Affiliation:
1. Department of Neurosurgery, Gamma Knife Center, Komaki City Hospital, Komaki, Japan
2. Department of Neurosurgery, Nagoya Radiosurgery Center, Nagoya Kyoritsu Hospital, Nagoya, Japan
Abstract
Abstract
OBJECTIVE
To determine the limiting dose to the optic apparatus in single-fraction irradiation in patients with craniopharyngioma treated with gamma knife radiosurgery (GKRS).
METHODS
One hundred patients with 109 craniopharyngiomas treated with GKRS were evaluated with a median follow-up period of 68 months.
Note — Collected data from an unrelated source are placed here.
(* The conclusion of the erosion leader-election theorem holds also in 2D geometric space: if $S$ is a finite nonempty set of $n$ nodes of the triangular lattice $G_\Delta$ that is connected and contractible, then under an unfair sequential adversary, in every execution of the erosion leader-election system on $S$, at no time do two distinct amoebots have $\mathtt{leader}=\mathrm{true}$, once set $\mathtt{leader}=\mathrm{true}$ is never unset, and within $O(n)$ rounds exactly one amoebot has $\mathtt{leader}=\mathrm{true}$.
   Context: $G_\Delta$ is the triangular lattice, viewed as one of the planar triangular sublattices of $G_{\mathrm{FCC}}$ (the graph on $\{(x,y,z)\in\mathbb{Z}^3: x+y+z\text{ even}\}$ with adjacency iff Euclidean distance $\sqrt2$), e.g. the nodes of $G_{\mathrm{FCC}}$ in a plane $x+y+z=0$; each node has 6 neighbors. A finite node set $S$ of $G_\Delta$ is connected if its induced subgraph is connected and contractible if the union of the closed hexagons of the hexagonal tiling dual to $G_\Delta$ corresponding to nodes of $S$ is contractible. Each node $A\in S$ hosts an amoebot with neighbors $N(A)$ = nodes of $S$ adjacent to $A$, and variables $\mathtt{candidate}\in\{\mathrm{null},\mathrm{true},\mathrm{false}\}$ (initially null), $\mathtt{leader}$ (initially false). Let $K(A)=\{B\in N(A):B.\mathtt{candidate}=\mathrm{true}\}$; CanErode$(A)$ holds iff $|K(A)|=1$, or $2\le|K(A)|\le5$ and $K(A)$ induces a connected subgraph, or $K(A)=\{B,D\}$ and some candidate $C\ne A$ adjacent to $B,D$ makes $A,B,C,D$ a chordless 4-cycle (this last case never occurs in $G_\Delta$). Actions: Setup (enabled iff $\mathtt{candidate}=\mathrm{null}$; sets it to true); Erode (enabled iff $A.\mathtt{candidate}=\mathrm{true}$, all neighbors have $\mathtt{candidate}\ne\mathrm{null}$, and CanErode$(A)$; sets $A.\mathtt{candidate}=\mathrm{false}$); DeclareLeader (enabled iff $A.\mathtt{candidate}=\mathrm{true}$ and all neighbors have $\mathtt{candidate}=\mathrm{false}$; sets $A.\mathtt{leader}=\mathrm{true}$). Unfair sequential adversary: at each step an arbitrary enabled amoebot atomically executes one of its enabled actions. Rounds: round $i$ starts at $t_i$ ($t_0=0$) and ends at the earliest $t_{i+1}>t_i$ by which every amoebot enabled at $t_i$ has executed an action or become disabled at some time in $(t_i,t_{i+1}]$. *)

theory Defs
  imports "HOL-Analysis.Analysis"
begin

type_synonym node = "int \<times> int \<times> int"

definition fcc_node :: "node \<Rightarrow> bool" where
  "fcc_node p \<longleftrightarrow> (case p of (x, y, z) \<Rightarrow> even (x + y + z))"

definition tri_node :: "node \<Rightarrow> bool" where
  "tri_node p \<longleftrightarrow> fcc_node p \<and> (case p of (x, y, z) \<Rightarrow> x + y + z = 0)"

definition adj :: "node \<Rightarrow> node \<Rightarrow> bool" where
  "adj p q \<longleftrightarrow> tri_node p \<and> tri_node q \<and>
     (case p of (x1, y1, z1) \<Rightarrow> case q of (x2, y2, z2) \<Rightarrow>
        (x1 - x2)^2 + (y1 - y2)^2 + (z1 - z2)^2 = 2)"

definition induced_connected :: "node set \<Rightarrow> bool" where
  "induced_connected T \<longleftrightarrow>
     (\<forall>u\<in>T. \<forall>v\<in>T. (u, v) \<in> {(a, b). a \<in> T \<and> b \<in> T \<and> adj a b}\<^sup>*)"

definition embed :: "node \<Rightarrow> real \<times> real \<times> real" where
  "embed p = (case p of (x, y, z) \<Rightarrow> (real_of_int x, real_of_int y, real_of_int z))"
(* Let $n \in \mathbb{N}$ and let $f \colon I^n \to \mathbb{R}^{n-1}$ be continuous. Then there exist a point $p \in \mathbb{R}^{n-1}$ and a compact subset $S \subset f^{-1}[\{p\}]$ which connects some opposite faces of $I^n$.
   Context: $I^n = [0,1]^n$, $\mathbb{R}^0 = \{0\}$. For $i \in \{1,\dots,n\}$ let $I^n_{i,-} = \{z \in I^n : z_i = 0\}$ and $I^n_{i,+} = \{z \in I^n : z_i = 1\}$. A set $S \subset I^n$ connects some opposite faces of $I^n$ if $S$ is connected and there is $i$ with $S \cap I^n_{i,-} \ne \emptyset \ne S \cap I^n_{i,+}$. *)

theory Defs
  imports "HOL-Analysis.Analysis"
begin

text \<open>Points of R^n are modelled as functions nat => real vanishing at indices >= n
  (the library's Euclidean_space n); coordinates are indexed 0..n-1 instead of 1..n.\<close>

definition unit_cube :: "nat \<Rightarrow> (nat \<Rightarrow> real) set" where
  "unit_cube n = {x. (\<forall>i<n. 0 \<le> x i \<and> x i \<le> 1) \<and> (\<forall>i\<ge>n. x i = 0)}"

definition cube_face_minus :: "nat \<Rightarrow> nat \<Rightarrow> (nat \<Rightarrow> real) set" where
  "cube_face_minus n i = {z \<in> unit_cube n. z i = 0}"

definition cube_face_plus :: "nat \<Rightarrow> nat \<Rightarrow> (nat \<Rightarrow> real) set" where
  "cube_face_plus n i = {z \<in> unit_cube n. z i = 1}"

definition connects_opposite_faces :: "nat \<Rightarrow> (nat \<Rightarrow> real) set \<Rightarrow> bool" where
  "connects_opposite_faces n S \<longleftrightarrow>
     connectedin (Euclidean_space n) S \<and>
     (\<exists>i<n. S \<inter> cube_face_minus n i \<noteq> {} \<and> S \<inter> cube_face_plus n i \<noteq> {})"

end

theory Submission
  imports Defs "HOL-Homology.Homology"
begin
(* For $n>0$ and $J\subseteq S$, there are bijections $\mathfrak{S}_n^J(231)\simeq \mathrm{NC}_n^J\simeq \mathrm{NN}_n^J$. In particular these three sets have the same cardinality.
   Context: Let $\mathfrak{S}_n$ be the symmetric group on $[n]=\{1,\dots,n\}$, $s_i=(i,i+1)$, $S=\{s_1,\dots,s_{n-1}\}$, permutations written in one-line notation $w=w_1\cdots w_n$. The inversion set is $\mathrm{inv}(w)=\{(i,j):i<j,\ w_i>w_j\}$, and $u\le_S v$ iff $\mathrm{inv}(u)\subseteq\mathrm{inv}(v)$. For $J\subseteq S$, $\mathfrak{S}_n^J=\{w: w<_S ws \text{ for all } s\in J\}$ (concretely: $w_i<w_{i+1}$ whenever $s_i\in J$). Writing $J=S\setminus\{s_{j_1},\dots,s_{j_r}\}$ with $j_1<\dots<j_r$, the $J$-regions are the blocks $\{1,\dots,j_1\},\{j_1+1,\dots,j_2\},\dots,\{j_r+1,\dots,n\}$. An element $w\in\mathfrak{S}_n^J$ is $(J,231)$-avoiding if there are no indices $i<j<k$ in pairwise different $J$-regions with $w_k<w_i<w_j$ and $w_i=w_k+1$; $\mathfrak{S}_n^J(231)$ is the set of such elements. For a set partition $\mathbf P$ of $[n]$, a bump is a pair $(a,b)$, $a<b$, with $a,b$ in the same part and no element $c$ of that part with $a<c<b$. $\mathbf P$ is $J$-noncrossing if: (NC1) no two distinct elements of the same $J$-region lie in the same part; (NC2) whenever two distinct bumps $(i_1,i_2),(j_1,j_2)$ satisfy $i_1<j_1<i_2<j_2$, either $i_1,j_1$ lie in the same $J$-region or $i_2,j_1$ lie in the same $J$-region; (NC3) whenever two distinct bumps satisfy $i_1<j_1<j_2<i_2$, then $i_1$ and $j_1$ lie in different $J$-regions. $\mathrm{NC}_n^J$ is the set of $J$-noncrossing partitions. $\mathbf P$ is $J$-nonnesting if (NN1) no two distinct elements of the same $J$-region lie in the same part, and (NN2) there are no two distinct bumps $(i_1,i_2),(j_1,j_2)$ with $i_1<j_1<j_2<i_2$. $\mathrm{NN}_n^J$ is the set of $J$-nonnesting partitions. *)

theory Defs
  imports "HOL-Combinatorics.Permutations" "HOL-Library.Disjoint_Sets"
begin

text \<open>A subset J of S = {s_1,...,s_(n-1)} is encoded by its index set
  {i. s_i \<in> J} \<subseteq> {1..<n}. Permutations of [n] are functions
  w with w permutes {1..n}; w i is the i-th letter of the one-line notation.\<close>

text \<open>J-region index of position i: number of cut points s_j \<notin> J with j < i.
  Positions i, i' lie in the same J-region iff their region indices agree.\<close>
definition region :: "nat \<Rightarrow> nat set \<Rightarrow> nat \<Rightarrow> nat" where
  "region n J i = card {j. 1 \<le> j \<and> j < i \<and> j < n \<and> j \<notin> J}"

definition same_region :: "nat \<Rightarrow> nat set \<Rightarrow> nat \<Rightarrow> nat \<Rightarrow> bool" where
  "same_region n J a b \<longleftrightarrow> region n J a = region n J b"

definition parabolic_quotient :: "nat \<Rightarrow> nat set \<Rightarrow> (nat \<Rightarrow> nat) set" where
  "parabolic_quotient n J =
     {w. w permutes {1..n} \<and> (\<forall>i. 1 \<le> i \<and> i < n \<and> i \<in> J \<longrightarrow> w i < w (Suc i))}"

definition J231_avoiding :: "nat \<Rightarrow> nat set \<Rightarrow> (nat \<Rightarrow> nat) set" where
  "J231_avoiding n J =
     {w \<in> parabolic_quotient n J.
        \<not> (\<exists>i j k. 1 \<le> i \<and> i < j \<and> j < k \<and> k \<le> n \<and>
             \<not> same_region n J i j \<and> \<not> same_region n J j k \<and> \<not> same_region n J i k \<and>
             w k < w i \<and> w i < w j \<and> w i = w k + 1)}"

definition bump :: "nat set set \<Rightarrow> nat \<Rightarrow> nat \<Rightarrow> bool" where
  "bump P a b \<longleftrightarrow> a < b \<and> (\<exists>B\<in>P. a \<in> B \<and> b \<in> B \<and> \<not> (\<exists>c\<in>B. a < c \<and> c < b))"

definition J_noncrossing :: "nat \<Rightarrow> nat set \<Rightarrow> nat set set set" where
  "J_noncrossing n J =
     {P. partition_on {1..n} P \<and>
        (\<forall>B\<in>P. \<forall>a\<in>B. \<forall>b\<in>B. a \<noteq> b \<longrightarrow> \<not> same_region n J a b) \<and>
        (\<forall>i1 i2 j1 j2. bump P i1 i2 \<and> bump P j1 j2 \<and> (i1, i2) \<noteq> (j1, j2) \<and>
            i1 < j1 \<and> j1 < i2 \<and> i2 < j2 \<longrightarrow>
            same_region n J i1 j1 \<or> same_region n J i2 j1) \<and>
        (\<forall>i1 i2 j1 j2. bump P i1 i2 \<and> bump P j1 j2 \<and> (i1, i2) \<noteq> (j1, j2) \<and>
            i1 < j1 \<and> j1 < j2 \<and> j2 < i2 \<longrightarrow>
            \<not> same_region n J i1 j1)}"

definition J_nonnesting :: "nat \<Rightarrow> nat set \<Rightarrow> nat set set set" where
  "J_nonnesting n J =
     {P. partition_on {1..n} P \<and>
        (\<forall>B\<in>P. \<forall>a\<in>B. \<forall>b\<in>B. a \<noteq> b \<longrightarrow> \<not> same_region n J a b) \<and>
        \<not> (\<exists>i1 i2 j1 j2. bump P i1 i2 \<and> bump P j1 j2 \<and> (i1, i2) \<noteq> (j1, j2) \<and>
            i1 < j1 \<and> j1 < j2 \<and> j2 < i2)}"

end

theory Submission
  imports Defs
begin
Tumor volume varied from 0.1 to 36.0 (median, 3.3) cm3. Marginal doses varied from 10 to 18 (median, 11.4) Gy. Maximum dose to any part of the optic apparatus varied from 2 to 18 (median, 10) Gy.
RESULTS
The actuarial 5- and 10-year overall rates of survival of tumor progression after GKRS were 93% and 88%, respectively. Similarly, the actuarial 5- and 10-year progression-free survival rates were 62% and 52%, respectively. Among 94 patients in whom visual function was evaluable after GKRS, only 3 patients developed radiation-induced optic neuropathy, indicating an overall Kaplan-Meier radiation-induced optic neuropathy rate of 5%. Of these patients, 2 received 15 Gy or greater to the optic apparatus. Another patient who received 8 Gy or less had undergone previous fractionated radiation therapy with a biologically effective dose of 60 Gy.
CONCLUSION
The optic apparatus seems to be more tolerant of irradiation than previously thought. Careful dose planning is essential, particularly in patients who underwent prior external beam radiation therapy.
Publisher
Ovid Technologies (Wolters Kluwer Health)
Subject
Clinical Neurology,Surgery
Cited by
71 articles.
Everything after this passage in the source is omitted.